*** Begin section ***
text \<open>
  Players form a finite type 'p. A type profile is a function 'p => 'x, an action
  profile a function 'p => 'a. Times are 1-based: at time t (1 <= t <= T) the
  history consists of lists of length t.

  A (general) strategy of one player: g t as xs, where as = a_{1:t-1}
  (list of action profiles of length t-1) and xs = x^i_{1:t} (list of the
  player's own types, length t), is a distribution over own actions.
  Q1 i is the distribution of x^i_1; Q i (t+1) (x^i_t) (a_t) that of x^i_{t+1}.
\<close>

type_synonym ('p, 'x, 'a) strategy = "nat \<Rightarrow> ('p \<Rightarrow> 'a) list \<Rightarrow> 'x list \<Rightarrow> 'a pmf"

definition valid_strategy :: "'a set \<Rightarrow> ('p, 'x, 'a) strategy \<Rightarrow> bool" where
  "valid_strategy Ai gi \<longleftrightarrow> (\<forall>t as xs. set_pmf (gi t as xs) \<subseteq> Ai)"

fun hist :: "('p::finite \<Rightarrow> 'x pmf) \<Rightarrow> ('p \<Rightarrow> nat \<Rightarrow> 'x \<Rightarrow> ('p \<Rightarrow> 'a) \<Rightarrow> 'x pmf)
     \<Rightarrow> ('p \<Rightarrow> ('p, 'x, 'a) strategy) \<Rightarrow> nat \<Rightarrow> (('p \<Rightarrow> 'x) list \<times> ('p \<Rightarrow> 'a) list) pmf" where
  "hist Q1 Q g 0 = return_pmf ([], [])"
| "hist Q1 Q g (Suc t) =
     bind_pmf (hist Q1 Q g t) (\<lambda>(xs, as).
       bind_pmf (if t = 0 then Pi_pmf UNIV undefined Q1
                 else Pi_pmf UNIV undefined (\<lambda>i. Q i (Suc t) (last xs i) (last as))) (\<lambda>x.
       bind_pmf (Pi_pmf UNIV undefined (\<lambda>i. g i (Suc t) as (map (\<lambda>y. y i) (xs @ [x])))) (\<lambda>a.
       return_pmf (xs @ [x], as @ [a]))))"

definition marginal :: "('p::finite \<Rightarrow> 'x pmf) \<Rightarrow> ('p \<Rightarrow> nat \<Rightarrow> 'x \<Rightarrow> ('p \<Rightarrow> 'a) \<Rightarrow> 'x pmf)
     \<Rightarrow> ('p \<Rightarrow> ('p, 'x, 'a) strategy) \<Rightarrow> nat \<Rightarrow> (('p \<Rightarrow> 'x) \<times> ('p \<Rightarrow> 'a)) pmf" where
  "marginal Q1 Q g t = map_pmf (\<lambda>(xs, as). (last xs, last as)) (hist Q1 Q g t)"
lemma tpair_tensor_tau2_zroot:
  assumes "\<forall>(a, b) \<in> zroots n. Xr a b \<in> rootspace n (\<lambda>H. H a a + H b b)"
    and "(c, d) \<in> zroots n" "B \<in> rootspace n (\<lambda>H. - (H c c + H d d))"
  shows "tpair n (tensor A B) (tau2 n Xr Xs x) =
    1/2 * kill n A (bracket n x (bracket n x (Xs c d))) * kill n B (Xr c d)"
proof -
  let ?f = "\<lambda>(a, b). kill n A (bracket n x (bracket n x (Xs a b))) * kill n B (Xr a b)"
  have "?f p = 0" if p: "p \<in> zroots n - {(c, d)}" for p
  proof -
    obtain a b where "p = (a, b)" by fastforce
    then show ?thesis
      using kill_zroot_vectors_eq_0[of a b n c d "Xr a b" B] assms p by auto
  qed
  then have "sum ?f (zroots n - {(c, d)}) = 0"
    by (rule sum.neutral[OF ballI])
  then show ?thesis
    using sum.remove[OF finite_zroots assms(2), of ?f] by (simp add: tpair_tensor_tau2)
qed

lemma so_vec_eps_n_lngamma: "1 \<le> n \<Longrightarrow> so_vec n n 0 \<in> lngamma n"
proof -
  assume "1 \<le> n"
  have "H 0 0 = 0" if "H \<in> cartan n" for H
    using soalg_dualidx_diag[of H n 0] that by (simp add: cartan_def dualidx_def dimN_def)
  then have "rootspace n (\<lambda>H. H n n - H 0 0) = rootspace n (\<lambda>H. H n n)"
    by (intro rootspace_cong) simp
  then show ?thesis
    using so_vec_rootspace[of n n 0] rootspace_subset_lngamma \<open>1 \<le> n\<close> by (auto simp: dimN_def)
qed

lemma rootspace_neg_zroot_subset_grade:
  "(a, b) \<in> zroots n \<Longrightarrow> rootspace n (\<lambda>H. - (H a a + H b b)) \<subseteq> grade n (-2)"
  by (rule rootspace_subset_grade) (auto simp: zroots_def H0_def)

lemma so_vec_eps_1_plus_eps_2_minus_eps_n_grade_1:
  assumes "3 \<le> n"
  shows "madd (so_vec n 1 0) (so_vec n 2 n) \<in> grade n 1"
proof (rule grade_madd)
  have "rootspace n (\<lambda>H. H 1 1 - H 0 0) \<subseteq> grade n 1"
    using assms by (intro rootspace_subset_grade) (simp add: H0_def)
  then show "so_vec n 1 0 \<in> grade n 1"
    using so_vec_rootspace[of 1 n 0] assms by (auto simp: dimN_def)
  have "rootspace n (\<lambda>H. H 2 2 - H n n) \<subseteq> grade n 1"
    using assms by (intro rootspace_subset_grade) (auto simp: H0_def)
  then show "so_vec n 2 n \<in> grade n 1"
    using so_vec_rootspace[of 2 n n] assms by (auto simp: dimN_def)
qed

lemma killing_coefficient_neq_0: "2 * of_nat n - 1 \<noteq> (0 :: complex)"
proof
  assume "2 * of_nat n - 1 = (0 :: complex)"
  then have "of_nat (2 * n) = (of_nat 1 :: complex)" by simp
  then show False by (simp only: of_nat_eq_iff) simp
qed

theorem proposition4p1:
  fixes n :: nat and Xr Xs :: "nat \<Rightarrow> nat \<Rightarrow> cmat"
  assumes "4 \<le> n"
    and "\<forall>(a, b) \<in> zroots n.
           Xr a b \<in> rootspace n (\<lambda>H. H a a + H b b) \<and> Xr a b \<noteq> mzero \<and>
           Xs a b \<in> rootspace n (\<lambda>H. - (H a a + H b b)) \<and>
           kill n (Xs a b) (Xr a b) = 1"
  shows "\<exists>Y \<in> Vstar n. \<exists>x \<in> grade n 1. tpair n Y (tau2 n Xr Xs x) \<noteq> 0"
proof -
  have z12: "(1, 2) \<in> zroots n" using assms(1) by (auto simp: zroots_def)
  have Xr: "\<forall>(a, b) \<in> zroots n. Xr a b \<in> rootspace n (\<lambda>H. H a a + H b b)"
    using assms(2) by auto
  define A where "A = so_vec n n 0"
  define B where "B = Xs 1 2"
  define x where "x = madd (so_vec n 1 0) (so_vec n 2 n)"
  define s where "s = B (n + 2) 1"
  have B: "B \<in> rootspace n (\<lambda>H. - (H 1 1 + H 2 2))" "kill n B (Xr 1 2) = 1"
    using assms(2) z12 unfolding B_def by auto
  have B_eq: "B = msmul s (so_vec n (n + 2) 1)"
    using rootspace_neg_zroot[OF B(1)] assms(1) unfolding s_def by simp
  have "s \<noteq> 0"
  proof
    assume "s = 0"
    then have "kill n B (Xr 1 2) = 0" by (simp add: B_eq kill_def mtrace_def mmul_def msmul_def)
    with B(2) show False by simp
  qed
  have "tpair n (tensor A B) (tau2 n Xr Xs x) = 1/2 * kill n A (bracket n x (bracket n x B))"
    using tpair_tensor_tau2_zroot[OF Xr z12 B(1)] B(2) unfolding B_def by simp
  also have "\<dots> = - 2 * (2 * of_nat n - 1) * s"
    using kill_so_vec_ad_square[OF assms(1)] unfolding A_def x_def B_eq by simp
  finally have "tpair n (tensor A B) (tau2 n Xr Xs x) \<noteq> 0"
    using \<open>s \<noteq> 0\<close> killing_coefficient_neq_0 by simp
  moreover have "tensor A B \<in> Vstar n"
    unfolding Vstar_def A_def using assms(1) B(1) rootspace_neg_zroot_subset_grade[OF z12]
    by (auto intro!: tensor_tens_span so_vec_eps_n_lngamma)
  moreover have "x \<in> grade n 1"
    unfolding x_def by (rule so_vec_eps_1_plus_eps_2_minus_eps_n_grade_1) (use assms(1) in simp)
  ultimately show ?thesis by blast
qed

end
*** End section ***
*WORK TASK*: Looking at the records above, how many lines have the word "intro" in them? State the number only.

*OUTPUT FOR THIS TASK*: 4